The promise of lenticule implantation is exciting, but much remains to be done to bring this technique into mainstream practice. Therefore, we recently established an international research group, whose members include many renowned surgeons in the field of cornea, such as Harminder Singh Dua, CBE, FRCS (UK); Béatrice Cochener, MD, PhD (France), Jorge L. Alió, MD, PhD and Jorge L. Alió del Barrio (Spain), Josè L. Guell, MD, PhD (Spain), Jodhbir S. Mehta, BSc(Hons), MBBS, FRCOphth, FRCS(Ed), FAMS (Singapore), and our own team in Italy.

The goal is to pool research in this developing field, avoid single-center bias, perform multicenter trials, and set standards and protocols for the technique of lenticule implantation for the benefit of the wider ophthalmological community.

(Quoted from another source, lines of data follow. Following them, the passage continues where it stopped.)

lemma angle_surj: "t \<ge> 0 \<Longrightarrow> \<exists>v. angle (v, t) = w"
proof -
  assume t: "t \<ge> 0"
  let ?g = "\<lambda>v. angle (v, t) - real rotation_index * v"
  have cont: "continuous_on UNIV (\<lambda>v. angle (v, t))"
    using t by (intro continuous_on_angle_compose continuous_intros) auto
  have "continuous_on UNIV ?g"
    using cont by (intro continuous_intros)
  moreover have "?g (v + 2 * pi) = ?g v" for v
    using angle_shift[OF t] by (simp add: algebra_simps)
  moreover have "2 * pi > 0"
    by simp
  ultimately obtain B where "\<And>v. norm (?g v) \<le> B"
    using periodic_continuous_bounded[of "2 * pi" ?g] by blast
  then show ?thesis
    using surj_if_close_to_linear[OF cont, of rotation_index B w] rotation_index_pos by auto
qed

definition angle_inverse :: "real \<times> real \<Rightarrow> real" where
  "angle_inverse = (\<lambda>(w, t). THE v. angle (v, t) = w)"

lemma angle_inj: "t \<ge> 0 \<Longrightarrow> angle (v, t) = angle (v', t) \<Longrightarrow> v = v'"
  using angle_strict_mono[of t v v'] angle_strict_mono[of t v' v] by (cases v v' rule: linorder_cases) auto

lemma angle_angle_inverse: "t \<ge> 0 \<Longrightarrow> angle (angle_inverse (w, t), t) = w"
proof -
  assume t: "t \<ge> 0"
  then have "\<exists>!v. angle (v, t) = w"
    using angle_surj angle_inj by metis
  from theI'[OF this] show ?thesis
    unfolding angle_inverse_def by simp
qed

Another broad aim of the group will be to promote the creation of a European eye bank to preserve tissues and lenticules donated by refractive surgery patients that could be processed and certified for eventual clinical use.

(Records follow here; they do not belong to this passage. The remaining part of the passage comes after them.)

lemma dir_deriv_power_vanishing_partial_deriv:
  assumes "smooth g" "open U" "u \<in> U"
    and vanish: "\<And>v k. v \<in> U \<Longrightarrow> (dir_deriv v ^^ k) g x = 0"
  shows "(dir_deriv u ^^ k) (partial_deriv i g) x = 0"
proof -
  define F where "F s = (dir_deriv (u + s *\<^sub>R axis i 1) ^^ Suc k) g x" for s
  have F_deriv: "(F has_real_derivative real (Suc k) * (dir_deriv u ^^ k) (partial_deriv i g) x) (at 0)"
    unfolding F_def
    using has_real_derivative_dir_deriv_power_direction[OF \<open>smooth g\<close>, where k = "Suc k"] by simp
  obtain d where "d > 0" and "ball u d \<subseteq> U"
    using assms(2,3) open_contains_ball by blast
  then have "F s = 0" if "\<bar>s\<bar> < d" for s
    unfolding F_def using that by (intro vanish) (auto simp: dist_norm)
  then have "\<forall>s. \<bar>0 - s\<bar> < d \<longrightarrow> F 0 = F s"
    using \<open>d > 0\<close> by simp
  from DERIV_local_const[OF F_deriv \<open>d > 0\<close> this] show ?thesis
    by simp
qed

section \<open>Zeros accumulating at the origin\<close>

lemma DERIV_zeros_accumulating_right:
  fixes \<phi> :: "real \<Rightarrow> real"
  assumes der: "\<And>t. (\<phi> has_real_derivative \<phi>' t) (at t)"
    and zeros: "\<forall>\<epsilon>>0. \<exists>t. 0 < t \<and> t < \<epsilon> \<and> \<phi> t = 0"
  shows "\<forall>\<epsilon>>0. \<exists>t. 0 < t \<and> t < \<epsilon> \<and> \<phi>' t = 0"
proof (intro allI impI)
  fix \<epsilon> :: real
  assume "\<epsilon> > 0"
  obtain t1 where t1: "0 < t1" "t1 < \<epsilon>" "\<phi> t1 = 0" using zeros \<open>\<epsilon> > 0\<close> by blast
  obtain t2 where t2: "0 < t2" "t2 < t1" "\<phi> t2 = 0" using zeros t1(1) by blast
  have cont: "continuous_on {t2..t1} \<phi>"
    using DERIV_isCont[OF der] by (simp add: continuous_at_imp_continuous_on)
  have diff: "\<phi> differentiable (at t)" for t
    unfolding real_differentiable_def using der by blast
  have "\<phi> t2 = \<phi> t1" using t1 t2 by simp
  then obtain c where c: "t2 < c" "c < t1" "(\<phi> has_real_derivative 0) (at c)"
    using Rolle[OF \<open>t2 < t1\<close> _ cont diff] by blast
  have "\<phi>' c = 0" using DERIV_unique[OF der c(3)] .
  then show "\<exists>t. 0 < t \<and> t < \<epsilon> \<and> \<phi>' t = 0"
    using c t1 t2 by (intro exI[of _ c]) auto
qed

lemma isCont_zeros_accumulating_right:
  fixes \<phi> :: "real \<Rightarrow> real"
  assumes "isCont \<phi> 0" and zeros: "\<forall>\<epsilon>>0. \<exists>t. 0 < t \<and> t < \<epsilon> \<and> \<phi> t = 0"
  shows "\<phi> 0 = 0"
proof (rule ccontr)
  assume "\<phi> 0 \<noteq> 0"
  then obtain d where "d > 0" and d: "\<And>t. dist 0 t < d \<Longrightarrow> \<phi> t \<noteq> 0"
    using continuous_at_avoid[OF assms(1)] by blast
  obtain t where "0 < t" "t < d" "\<phi> t = 0" using zeros \<open>d > 0\<close> by blast
  then show False using d[of t] by (simp add: dist_real_def)
qed

lemma DERIV_power_zeros_accumulating_right:
  fixes \<phi> :: "nat \<Rightarrow> real \<Rightarrow> real"
  assumes der: "\<And>k t. (\<phi> k has_real_derivative \<phi> (Suc k) t) (at t)"
    and zeros: "\<forall>\<epsilon>>0. \<exists>t. 0 < t \<and> t < \<epsilon> \<and> \<phi> 0 t = 0"
  shows "\<phi> k 0 = 0"
proof -
  have "\<forall>\<epsilon>>0. \<exists>t. 0 < t \<and> t < \<epsilon> \<and> \<phi> k t = 0"
  proof (induction k)
    case (Suc k)
    then show ?case by (rule DERIV_zeros_accumulating_right[OF der[of k]])
  qed (rule zeros)
  then show ?thesis
    by (rule isCont_zeros_accumulating_right[OF DERIV_isCont[OF der[of k 0]]])
qed

section \<open>Rays through the spheres\<close>

lemma ray_meets_E_set:
  fixes u :: "real^'n"
  assumes "u$j > 0" "k \<ge> 1"
  shows "(2 * u$j / (real k * (norm u)\<^sup>2)) *\<^sub>R u \<in> E_set j"
proof -
  define t where "t = 2 * u$j / (real k * (norm u)\<^sup>2)"
  define c :: "real^'n" where "c = (1 / real k) *\<^sub>R axis j 1"
  have "(norm u)\<^sup>2 > 0" "real k > 0" using assms by auto
  then have tt: "t * (norm u)\<^sup>2 = 2 * u$j / real k" by (simp add: t_def field_simps)
  have "(norm (c - t *\<^sub>R u))\<^sup>2 = inner (c - t *\<^sub>R u) (c - t *\<^sub>R u)"
    by (rule power2_norm_eq_inner)
  also have "\<dots> = (1 / real k)\<^sup>2 * inner (axis j 1) (axis j 1 :: real^'n)
                   - 2 * t * (1 / real k) * inner (axis j 1) u + t * (t * inner u u)"
    by (simp add: c_def inner_diff_left inner_diff_right inner_commute[of u "axis j 1"]
        power2_eq_square algebra_simps)
  also have "\<dots> = (1 / real k)\<^sup>2 - 2 * t * (1 / real k) * u$j + t * (t * (norm u)\<^sup>2)"
    by (simp add: inner_axis' power2_norm_eq_inner)
  also have "\<dots> = (1 / real k)\<^sup>2" unfolding tt by (simp add: algebra_simps)
  finally have "dist c (t *\<^sub>R u) = 1 / real k"
    using \<open>real k > 0\<close> by (simp add: dist_norm power2_eq_iff_nonneg)
  then show ?thesis unfolding E_set_def t_def c_def using assms by auto
qed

Figure 3. Widefield swept source OCT scan revealing that the lenticule was correctly placed inside the pocket with a peripheral bulging of the anterior and posterior surface.

CONCLUSION

Although it is still early and more studies with longer follow-up are needed, the SLAK procedure has been shown to be safe and clinically efficient in improving the corneal shape (Figure 3) and vision in patients with keratoconus.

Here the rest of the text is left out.